A nested case–control study in the Blue Mountains Eye Study (BMES) cross–section II population (n=3509, 75% of BMES I survivors and 85.2% of newly eligible residents) included 159 early and 38 late ARM cases and 433 controls matched for age, gender and smoking status. ARM was assessed from retinal photographs using the Wisconsin ARM grading system. Serum markers assessed included high–sensitivity C–reactive protein (hsCRP), interleukin–6 (IL–6), soluble intercellular adhesion molecule–1 (sICAM–1), white cell count (WCC) with differentials, von Willebrand factor antigen (vWF:Ag), collagen binding assay (vWF:CB), plasminogen activator inhibitor–1 (PAI–1), homocysteine and fibrinogen. Mean comparisons were made after adjusting for age, sex, BMI, current smoking, hypertension, history of stroke and cardiovascular events. Serum markers were assessed continuously (per SD) for associations with ARM, after adjustment.
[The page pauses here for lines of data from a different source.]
(* Let $x'=f(x)$, $x\in\mathbb R^d_{>0}$, be the deterministic system of a reaction network with species $X_1,\dots,X_d$, and let $\theta,\mu>0$ be such that there exists a positive steady state $x^*$ with $x^*_1=\mu/\theta$. Suppose: (1) the system admits $k$ linearly independent conservation relations $u^i\cdot x(t)=M_i$ ($i=1,\dots,k$) with $u^i\in\mathbb R^d_{>0}$, written after reordering of coordinates as $[U\,|\,I]x=M$ with $U$ a $k\times\bar d$ matrix, $\bar d=d-k$, $I$ the $k\times k$ identity, and with $u^1_1\ne 0$; (2) all eigenvalues of $J(x^* )$ have strictly negative real parts; (3) $H_2(0)>0$ if $\bar d$ is odd and $H_2(0)<0$ if $\bar d$ is even. Then, for sufficiently small $\theta$ and $\mu$ and sufficiently large initial value $z(0)$ of the control species, all eigenvalues of $\bar J(x^*,z^* )$ have strictly negative real parts; that is, the positive steady state $(x^*,z^* )$ of the union system of the given system and the basic ACR system $X_1+Z\xrightarrow{\theta}2Z$, $Z\xrightarrow{\mu}X_1$ is linearly stable.
   Context: Reduced system of the original network: using the conservation relations, $x_{\bar d+j}=M_j-\sum_{i=1}^{\bar d}u^j_ix_i$ for $j=1,\dots,k$, and $g_i(x_1,\dots,x_{\bar d})=f_i(x_1,\dots,x_{\bar d},M_1-\sum_i u^1_ix_i,\dots,M_k-\sum_i u^k_ix_i)$ for $i=1,\dots,\bar d$; $J(x^* )$ denotes the Jacobian of $(g_1,\dots,g_{\bar d})$ at $(x^*_1,\dots,x^*_{\bar d})$. Union (controlled) system: $x_1'=f_1(x)-z(\theta x_1-\mu)$, $z'=z(\theta x_1-\mu)$, $x_i'=f_i(x)$ for $i\ge 2$ (mass-action kinetics for the controller). Its conservation relations are $u^i\cdot x+u^i_1z=\bar M_i$, so it reduces to variables $(x_1,\dots,x_{\bar d},z)$ via $x_{\bar d+j}=\bar M_j-\sum_{i=1}^{\bar d}u^j_ix_i-u^j_1z$, giving functions $h_1,\dots,h_{\bar d}$ (obtained from $f_1-z(\theta x_1-\mu),f_2,\dots,f_{\bar d}$ by this substitution) and $h_{\bar d+1}=z(\theta x_1-\mu)$. $(x^*,z^* )$ is a positive steady state of the union system with this $x^*$ ($x^*_1=\mu/\theta$) and $z^*>0$ determined by the conservation relations and the initial data. $\bar J(x^*,z^* )$ is the Jacobian of $(h_1,\dots,h_{\bar d+1})$ in the variables $(x_1,\dots,x_{\bar d},z)$ at $(x^*,z^* )$. $H_2(\lambda)$ is the determinant of the $\bar d\times\bar d$ matrix obtained from $\lambda I-\bar J(x^*,z^* )$ by deleting its last row and its first column; explicitly its rows $i=1,\dots,\bar d$ are $(\lambda\delta_{i2}-\partial_2g_i(x^* ),\dots,\lambda\delta_{i\bar d}-\partial_{\bar d}g_i(x^* ),-\partial_zh_i(x^*,z^* ))$. *)

theory Defs
  imports "HOL-Analysis.Derivative" "Jordan_Normal_Form.Char_Poly"
begin

text \<open>Indexing convention: species are 0-indexed, X_1,...,X_d become indices 0,...,d-1.
  The first dbar = d - k coordinates are the free ones, coordinate dbar + j (j < k) is
  eliminated by the (j+1)-th conservation relation. The conservation vector u^(j+1) is
  the function u j :: nat => real (entries at indices < d).  The control species Z is
  the extra reduced variable with index dbar.\<close>

text \<open>A reaction is (source complex, product complex, rate constant).\<close>
type_synonym reaction = "(nat \<Rightarrow> nat) \<times> (nat \<Rightarrow> nat) \<times> real"

definition valid_network :: "nat \<Rightarrow> reaction list \<Rightarrow> bool" where
  "valid_network d R \<longleftrightarrow>
     (\<forall>(y, y', \<kappa>) \<in> set R. 0 < \<kappa> \<and> y \<noteq> y' \<and> (\<forall>l. d \<le> l \<longrightarrow> y l = 0 \<and> y' l = 0))"

definition mass_action :: "nat \<Rightarrow> reaction list \<Rightarrow> nat \<Rightarrow> (nat \<Rightarrow> real) \<Rightarrow> real" where
  "mass_action d R i x =
     (\<Sum>r\<leftarrow>R. (case r of (y, y', \<kappa>) \<Rightarrow>
         \<kappa> * (real (y' i) - real (y i)) * (\<Prod>l<d. x l ^ y l)))"

definition partial :: "nat \<Rightarrow> ((nat \<Rightarrow> real) \<Rightarrow> real) \<Rightarrow> (nat \<Rightarrow> real) \<Rightarrow> real" where
  "partial j F y = deriv (\<lambda>t. F (y(j := t))) (y j)"

definition all_eigs_neg :: "real mat \<Rightarrow> bool" where
  "all_eigs_neg A \<longleftrightarrow> (\<forall>ev. eigenvalue (map_mat complex_of_real A) ev \<longrightarrow> Re ev < 0)"

definition lift_orig :: "nat \<Rightarrow> nat \<Rightarrow> (nat \<Rightarrow> nat \<Rightarrow> real) \<Rightarrow> (nat \<Rightarrow> real)
    \<Rightarrow> (nat \<Rightarrow> real) \<Rightarrow> (nat \<Rightarrow> real)" where
  "lift_orig d k u M y = (\<lambda>i. if i < d - k then y i
      else if i < d then M (i - (d - k)) - (\<Sum>l < d - k. u (i - (d - k)) l * y l) else 0)"

definition g_red :: "nat \<Rightarrow> nat \<Rightarrow> reaction list \<Rightarrow> (nat \<Rightarrow> nat \<Rightarrow> real) \<Rightarrow> (nat \<Rightarrow> real)
    \<Rightarrow> nat \<Rightarrow> (nat \<Rightarrow> real) \<Rightarrow> real" where
  "g_red d k R u M i y = mass_action d R i (lift_orig d k u M y)"

definition cons_val :: "nat \<Rightarrow> (nat \<Rightarrow> nat \<Rightarrow> real) \<Rightarrow> (nat \<Rightarrow> real) \<Rightarrow> nat \<Rightarrow> real" where
  "cons_val d u x j = (\<Sum>i<d. u j i * x i)"

definition J_red :: "nat \<Rightarrow> nat \<Rightarrow> reaction list \<Rightarrow> (nat \<Rightarrow> nat \<Rightarrow> real) \<Rightarrow> (nat \<Rightarrow> real) \<Rightarrow> real mat" where
  "J_red d k R u xs = mat (d - k) (d - k)
      (\<lambda>(i, j). partial j (g_red d k R u (cons_val d u xs) i) xs)"

definition lift_union :: "nat \<Rightarrow> nat \<Rightarrow> (nat \<Rightarrow> nat \<Rightarrow> real) \<Rightarrow> (nat \<Rightarrow> real)
    \<Rightarrow> (nat \<Rightarrow> real) \<Rightarrow> (nat \<Rightarrow> real)" where
  "lift_union d k u Mb y = (\<lambda>i. if i < d - k then y i
      else if i < d then Mb (i - (d - k)) - (\<Sum>l < d - k. u (i - (d - k)) l * y l)
               - u (i - (d - k)) 0 * y (d - k)
      else 0)"

definition h_union :: "nat \<Rightarrow> nat \<Rightarrow> reaction list \<Rightarrow> (nat \<Rightarrow> nat \<Rightarrow> real) \<Rightarrow> real \<Rightarrow> real
    \<Rightarrow> (nat \<Rightarrow> real) \<Rightarrow> nat \<Rightarrow> (nat \<Rightarrow> real) \<Rightarrow> real" where
  "h_union d k R u \<theta> \<mu> Mb i y =
     (if i < d - k then
        mass_action d R i (lift_union d k u Mb y)
          - (if i = 0 then y (d - k) * (\<theta> * y 0 - \<mu>) else 0)
      else y (d - k) * (\<theta> * y 0 - \<mu>))"

definition cons_val_union :: "nat \<Rightarrow> (nat \<Rightarrow> nat \<Rightarrow> real) \<Rightarrow> (nat \<Rightarrow> real) \<Rightarrow> real \<Rightarrow> nat \<Rightarrow> real" where
  "cons_val_union d u x z j = (\<Sum>i<d. u j i * x i) + u j 0 * z"

definition red_point :: "nat \<Rightarrow> (nat \<Rightarrow> real) \<Rightarrow> real \<Rightarrow> (nat \<Rightarrow> real)" where
  "red_point dbar xs zs = (\<lambda>i. if i < dbar then xs i else if i = dbar then zs else 0)"

definition Jbar_union :: "nat \<Rightarrow> nat \<Rightarrow> reaction list \<Rightarrow> (nat \<Rightarrow> nat \<Rightarrow> real) \<Rightarrow> real \<Rightarrow> real
    \<Rightarrow> (nat \<Rightarrow> real) \<Rightarrow> real \<Rightarrow> real mat" where
  "Jbar_union d k R u \<theta> \<mu> xs zs = mat (d - k + 1) (d - k + 1)
      (\<lambda>(i, j). partial j (h_union d k R u \<theta> \<mu> (cons_val_union d u xs zs) i)
                 (red_point (d - k) xs zs))"

text \<open>H_2(lambda): determinant of lambda I - Jbar with last row and first column deleted;
  row i (0-indexed, i < dbar) is
  (lambda delta_(i,1) - d_1 g_i, ..., lambda delta_(i,dbar-1) - d_(dbar-1) g_i, - d_z h_i).\<close>
definition H2 :: "nat \<Rightarrow> nat \<Rightarrow> reaction list \<Rightarrow> (nat \<Rightarrow> nat \<Rightarrow> real) \<Rightarrow> real \<Rightarrow> real
    \<Rightarrow> (nat \<Rightarrow> real) \<Rightarrow> real \<Rightarrow> real \<Rightarrow> real" where
  "H2 d k R u \<theta> \<mu> xs zs lam = det (mat (d - k) (d - k) (\<lambda>(i, c).
      if c + 1 < d - k then
        (if i = c + 1 then lam else 0) - partial (c + 1) (g_red d k R u (cons_val d u xs) i) xs
      else - partial (d - k) (h_union d k R u \<theta> \<mu> (cons_val_union d u xs zs) i)
                 (red_point (d - k) xs zs)))"

end

theory Submission
  imports Defs
begin

text \<open>At the steady state \<open>\<theta> x\<^sub>1 = \<mu>\<close> the controller term \<open>z (\<theta> x\<^sub>1 - \<mu>)\<close> has differential
  \<open>\<theta> z\<^sup>* dx\<^sub>1\<close>, so with \<open>\<epsilon> = \<theta> z\<^sup>*\<close> the Jacobian \<open>J\<^sub>\<epsilon>\<close> of the reduced union system
  is the bordered matrix \<open>[[J - \<epsilon> E\<^sub>1\<^sub>1, b], [\<epsilon> e\<^sub>1\<^sup>T, 0]]\<close> with \<open>J = J(x\<^sup>*)\<close>. Expanding along
  the last row, \<open>det (J\<^sub>\<epsilon> - \<lambda>I) = \<epsilon> (-1)\<^sup>d\<^sup>' G(\<lambda>) - \<lambda> det (J - \<epsilon> E\<^sub>1\<^sub>1 - \<lambda>I)\<close> for a minor \<open>G\<close> with
  \<open>H\<^sub>2(0) = (-1)\<^sup>d\<^sup>' G(0)\<close>, where \<open>d' = d - k\<close>; the sign condition says \<open>G(0) < 0\<close>.

  If stability failed for arbitrarily small \<open>\<epsilon> > 0\<close>, there would be \<open>\<epsilon>\<^sub>m \<rightarrow> 0\<close> and eigenvalues \<open>\<lambda>\<^sub>m\<close>
  with \<open>Re \<lambda>\<^sub>m \<ge> 0\<close>; they are bounded, so a subsequence converges to some \<open>L\<close>. In the limit
  \<open>L det (J - L I) = 0\<close>, and \<open>J\<close> is Hurwitz, so \<open>L = 0\<close>. Then
  \<open>\<lambda>\<^sub>m / \<epsilon>\<^sub>m = (-1)\<^sup>d\<^sup>' G(\<lambda>\<^sub>m) / det (J - \<epsilon>\<^sub>m E\<^sub>1\<^sub>1 - \<lambda>\<^sub>m I) \<rightarrow> (-1)\<^sup>d\<^sup>' G(0) / det J < 0\<close>, because
  \<open>(-1)\<^sup>d\<^sup>' det J > 0\<close> for a Hurwitz matrix: a contradiction. Only \<open>\<epsilon> = \<theta> z\<^sup>*\<close> matters, so every
  \<open>z\<^sup>* > 0\<close> works once \<open>\<theta> < \<delta> / z\<^sup>*\<close>.\<close>

lemma tendsto_det_mat:
  fixes f :: "'b \<Rightarrow> nat \<Rightarrow> nat \<Rightarrow> 'a::{real_normed_algebra_1, comm_ring_1}"
  assumes "\<And>i j. i < n \<Longrightarrow> j < n \<Longrightarrow> ((\<lambda>x. f x i j) \<longlongrightarrow> g i j) F"
  shows "((\<lambda>x. det (mat n n (\<lambda>(i, j). f x i j))) \<longlongrightarrow> det (mat n n (\<lambda>(i, j). g i j))) F"
proof -
  have leibniz: "det (mat n n (\<lambda>(i, j). h i j))
      = (\<Sum>p\<in>{p. p permutes {0..<n}}. signof p * (\<Prod>i=0..<n. h i (p i)))" for h
    by (subst det_def'[of _ n]) (auto intro!: sum.cong prod.cong simp: permutes_in_image)
  show ?thesis
    unfolding leibniz
    by (auto intro!: tendsto_sum tendsto_mult tendsto_prod assms simp: permutes_in_image)
qed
A significantly lower mean level of basophils was found in participants with any ARM (mean 0.03 vs 0.04 x 109 cells/L in controls, p=0.007). Likelihood of having late (OR 0.6, CI 0.4–1.0) or early (OR 0.8, CI 0.6–0.9) was reduced per SD increase in basophils. A higher mean level of neutrophils (4.34 vs 3.78 x 109 cells/L, p=0.01) and monocytes (0.56 vs 0.47x109 cells/L, p=0.004) was found in subjects with late but not early ARM, compared to controls. Likelihood of late ARM increased per SD increase in neutrophils (OR 1.3, CI 0.96–1.8) and monocytes (OR 1.4, CI 1.0–1.8). Mean sICAM–1 was higher in subjects with late (437.0 vs 388.8 ng/ml, per SD OR 1.3 CI 0.98–1.7) and early ARM (397.7 ng/ml, OR 1.04, CI 0.86–1.26). Mean PAI–1 level was higher in participants with early (86.8 vs 82.7 ng/ml, p=0.04, per SD OR 1.2 CI 1.0–1.4) and late ARM (91.3 ng/ml, p=0.02, OR 1.3 CI 0.9–1.9). No significant associations were found for other markers assessed and either early or late ARM.
In this population–based nested case–control study we could not demonstrate a consistent pattern of significant association between haemostatic factors or inflammatory markers, including CRP, and the prevalence of either early or late–stage ARM.